= Required work =
Using the listing below, work out the number of lines in which "plusminus" appears; return only that figure.

----------

text \<open>
  Normalise the eigenvalues to \<open>p k = lam k / T\<close> with \<open>T\<close> the trace, so
  that \<open>\<Sum>p = 1\<close>, and write \<open>R m = \<Sum>\<^sub>k\<^sub>>\<^sub>m p k\<close> for the tails.  The eigenvalues of the
  tensor power are the products \<open>p k\<^sub>1 \<cdots> p k\<^sub>d\<close>; the \<open>m\<^sup>d\<close> tuples with all entries
  \<open>\<le> m\<close> carry total mass \<open>(1 - R m)\<^sup>d\<close>, and every other tuple has weight \<open>\<le> p (m+1)\<close>.
  This yields two-sided bounds on \<open>n\<^sub>d = n_tensor lam d \<epsilon>\<close>:
    \<open>(1 - R m)\<^sup>d \<ge> 1 - \<epsilon>\<^sup>2 \<Longrightarrow> n\<^sub>d \<le> m\<^sup>d\<close>   and   \<open>1 - \<epsilon>\<^sup>2 \<le> (1 - R (m-1))\<^sup>d + n\<^sub>d p m\<close>.
  The hypothesis \<open>p k \<sim> \<beta> g(k)\<close> with \<open>g(x) = 1/(x ln x (ln ln x)\<^sup>1\<^sup>+\<^sup>s)\<close> gives, by
  comparison with the antiderivative \<open>-F\<close>, \<open>F(x) = (ln ln x)\<^sup>-\<^sup>s/s\<close>, that \<open>R m \<approx> \<beta> F(m)\<close>.
  Choosing \<open>ln ln m \<approx> (1 \<plusminus> \<eta>) L(d)\<close> with \<open>L(d) = (\<beta> d/(s c))\<^sup>1\<^sup>/\<^sup>s\<close>, \<open>c = -ln(1-\<epsilon>\<^sup>2)\<close>,
  makes \<open>d R m\<close> cross the threshold \<open>c\<close>, and the two bounds squeeze
  \<open>ln ln n\<^sub>d\<close> between \<open>(1 \<plusminus> \<eta>) L(d)\<close> up to \<open>O(ln d)\<close>, which is \<open>o(L(d))\<close>.
\<close>

lemma decreasing_enumeration_exists:
  fixes f :: "'a \<Rightarrow> real" and A :: "'a set"
  assumes inf: "infinite A"
    and fin: "\<And>\<tau>. \<tau> > 0 \<Longrightarrow> finite {a\<in>A. f a \<ge> \<tau>}"
    and pos: "\<And>a. a \<in> A \<Longrightarrow> f a > 0"
  shows "\<exists>\<sigma>. bij_betw \<sigma> UNIV A \<and> (\<forall>n. f (\<sigma> (Suc n)) \<le> f (\<sigma> n))"
proof -
  define pick where "pick X = (SOME a. a \<in> A - X \<and> (\<forall>b\<in>A - X. f b \<le> f a))" for X
  have pick: "pick X \<in> A - X \<and> (\<forall>b\<in>A - X. f b \<le> f (pick X))" if "finite X" for X
  proof -
    have "infinite (A - X)" using inf that by (simp add: Diff_infinite_finite)
    then obtain a0 where a0: "a0 \<in> A - X" by (metis finite.emptyI ex_in_conv)
    let ?S = "{a\<in>A - X. f a \<ge> f a0}"
    have "finite ?S" by (rule finite_subset[OF _ fin[of "f a0"]]) (use pos a0 in auto)
    moreover have "a0 \<in> ?S" using a0 by auto
    ultimately have M: "Max (f ` ?S) \<in> f ` ?S" "\<forall>b\<in>?S. f b \<le> Max (f ` ?S)"
      by (auto intro!: Max_in Max_ge)
    then obtain a where a: "a \<in> ?S" "f a = Max (f ` ?S)" by auto
    have "a \<in> A - X \<and> (\<forall>b\<in>A - X. f b \<le> f a)"
      using a M by (auto intro: order_trans[of _ "f a0"] less_imp_le simp: not_le)
    thus ?thesis unfolding pick_def by (rule someI)
  qed
  define U where "U = rec_nat {} (\<lambda>_ X. insert (pick X) X)"
  have U0: "U 0 = {}" and US: "U (Suc n) = insert (pick (U n)) (U n)" for n
    by (simp_all add: U_def)
  have finU: "finite (U n)" for n by (induction n) (simp_all add: U0 US)
  define \<sigma> where "\<sigma> n = pick (U n)" for n
  have \<sigma>U: "\<sigma> n \<in> A - U n" "\<forall>b\<in>A - U n. f b \<le> f (\<sigma> n)" for n
    using pick[OF finU[of n]] by (simp_all add: \<sigma>_def)
  have Uimg: "U n = \<sigma> ` {..<n}" for n
    by (induction n) (simp_all add: U0 US \<sigma>_def lessThan_Suc)
  have inj: "inj \<sigma>"
  proof (rule injI)
    fix m n assume eq: "\<sigma> m = \<sigma> n"
    have "\<sigma> m \<notin> \<sigma> ` {..<n}" "\<sigma> n \<notin> \<sigma> ` {..<m}"
      using \<sigma>U(1)[of n] \<sigma>U(1)[of m] eq by (auto simp: Uimg)
    thus "m = n" by (metis lessThan_iff linorder_neqE_nat imageI)
  qed
  have mono: "f (\<sigma> (Suc n)) \<le> f (\<sigma> n)" for n
    using \<sigma>U(1)[of "Suc n"] \<sigma>U(2)[of n] by (auto simp: US)
  have sur: "a \<in> range \<sigma>" if a: "a \<in> A" for a
  proof (rule ccontr)
    assume "a \<notin> range \<sigma>"
    hence "a \<in> A - U n" for n using a by (auto simp: Uimg)
    hence "f a \<le> f (\<sigma> n)" for n using \<sigma>U(2) by blast
    hence "range \<sigma> \<subseteq> {b\<in>A. f b \<ge> f a}" using \<sigma>U(1) by auto
    hence "finite (range \<sigma>)" using fin[of "f a"] pos[OF a] by (auto intro: finite_subset)
    thus False using finite_imageD[of \<sigma> UNIV] inj infinite_UNIV_nat by blast
  qed
  have "bij_betw \<sigma> UNIV A"
    unfolding bij_betw_def using inj sur \<sigma>U(1) by auto
  thus ?thesis using mono by blast
qed
lemma Y_set_A_gens:
  assumes "a \<in> Y_set"
  shows "A_gens a \<in> X_set \<and> r_matrix (A_gens a) = a"
proof -
  let ?n = "A_gens a"
  have num: "is_numerical ?n" and mg: "minimal_gens3 ?n" and three: "card (Betti_elements ?n) = 3"
    and diag: "\<forall>i. a$i$i = 0" and off_diag: "\<forall>i j. i \<noteq> j \<longrightarrow> a$i$j > 0"
    using assms unfolding Y_set_def is_zero_matrix_def by auto
  interpret critical_relations "int (?n$1)" "int (?n$2)" "int (?n$3)"
    "int (c_coef ?n 1)" "int (c_coef ?n 2)" "int (c_coef ?n 3)"
    "int (r_coef ?n 1 2)" "int (r_coef ?n 1 3)" "int (r_coef ?n 2 1)"
    "int (r_coef ?n 2 3)" "int (r_coef ?n 3 1)" "int (r_coef ?n 3 2)"
    by (rule critical_relations_r_coef[OF mg three])
  have "gcd (int (?n$1)) (gcd (int (?n$2)) (int (?n$3))) = 1"
    using numerical_gcd_eq_1[OF num] by simp
  from minors_determine_matrix[OF this, of "int (a$1$2)" "int (a$1$3)" "int (a$2$1)" "int (a$2$3)"
      "int (a$3$1)" "int (a$3$2)"]
  have "r_coef ?n 1 2 = a$1$2 \<and> r_coef ?n 1 3 = a$1$3 \<and> r_coef ?n 2 1 = a$2$1 \<and>
      r_coef ?n 2 3 = a$2$3 \<and> r_coef ?n 3 1 = a$3$1 \<and> r_coef ?n 3 2 = a$3$2"
    using off_diag unfolding A_gens_nth by (simp add: forall_3)
  then have "r_matrix ?n = a" using diag unfolding vec_eq_iff forall_3 r_matrix_nth by simp
  then show ?thesis using num mg three unfolding X_set_def by simp
qed

theorem mainTheorem3:
  shows "bij_betw r_matrix X_set Y_set \<and> bij_betw A_gens Y_set X_set \<and>
         (\<forall>n\<in>X_set. A_gens (r_matrix n) = n) \<and> (\<forall>a\<in>Y_set. r_matrix (A_gens a) = a)"
proof -
  have inv_X: "\<forall>n\<in>X_set. A_gens (r_matrix n) = n" and to_Y: "r_matrix ` X_set \<subseteq> Y_set"
    using X_set_r_matrix by auto
  have inv_Y: "\<forall>a\<in>Y_set. r_matrix (A_gens a) = a" and to_X: "A_gens ` Y_set \<subseteq> X_set"
    using Y_set_A_gens by auto
  show ?thesis
    using bij_betw_byWitness[OF inv_X inv_Y to_Y to_X] bij_betw_byWitness[OF inv_Y inv_X to_X to_Y]
      inv_X inv_Y by blast
qed

end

----------

= Final answer =
2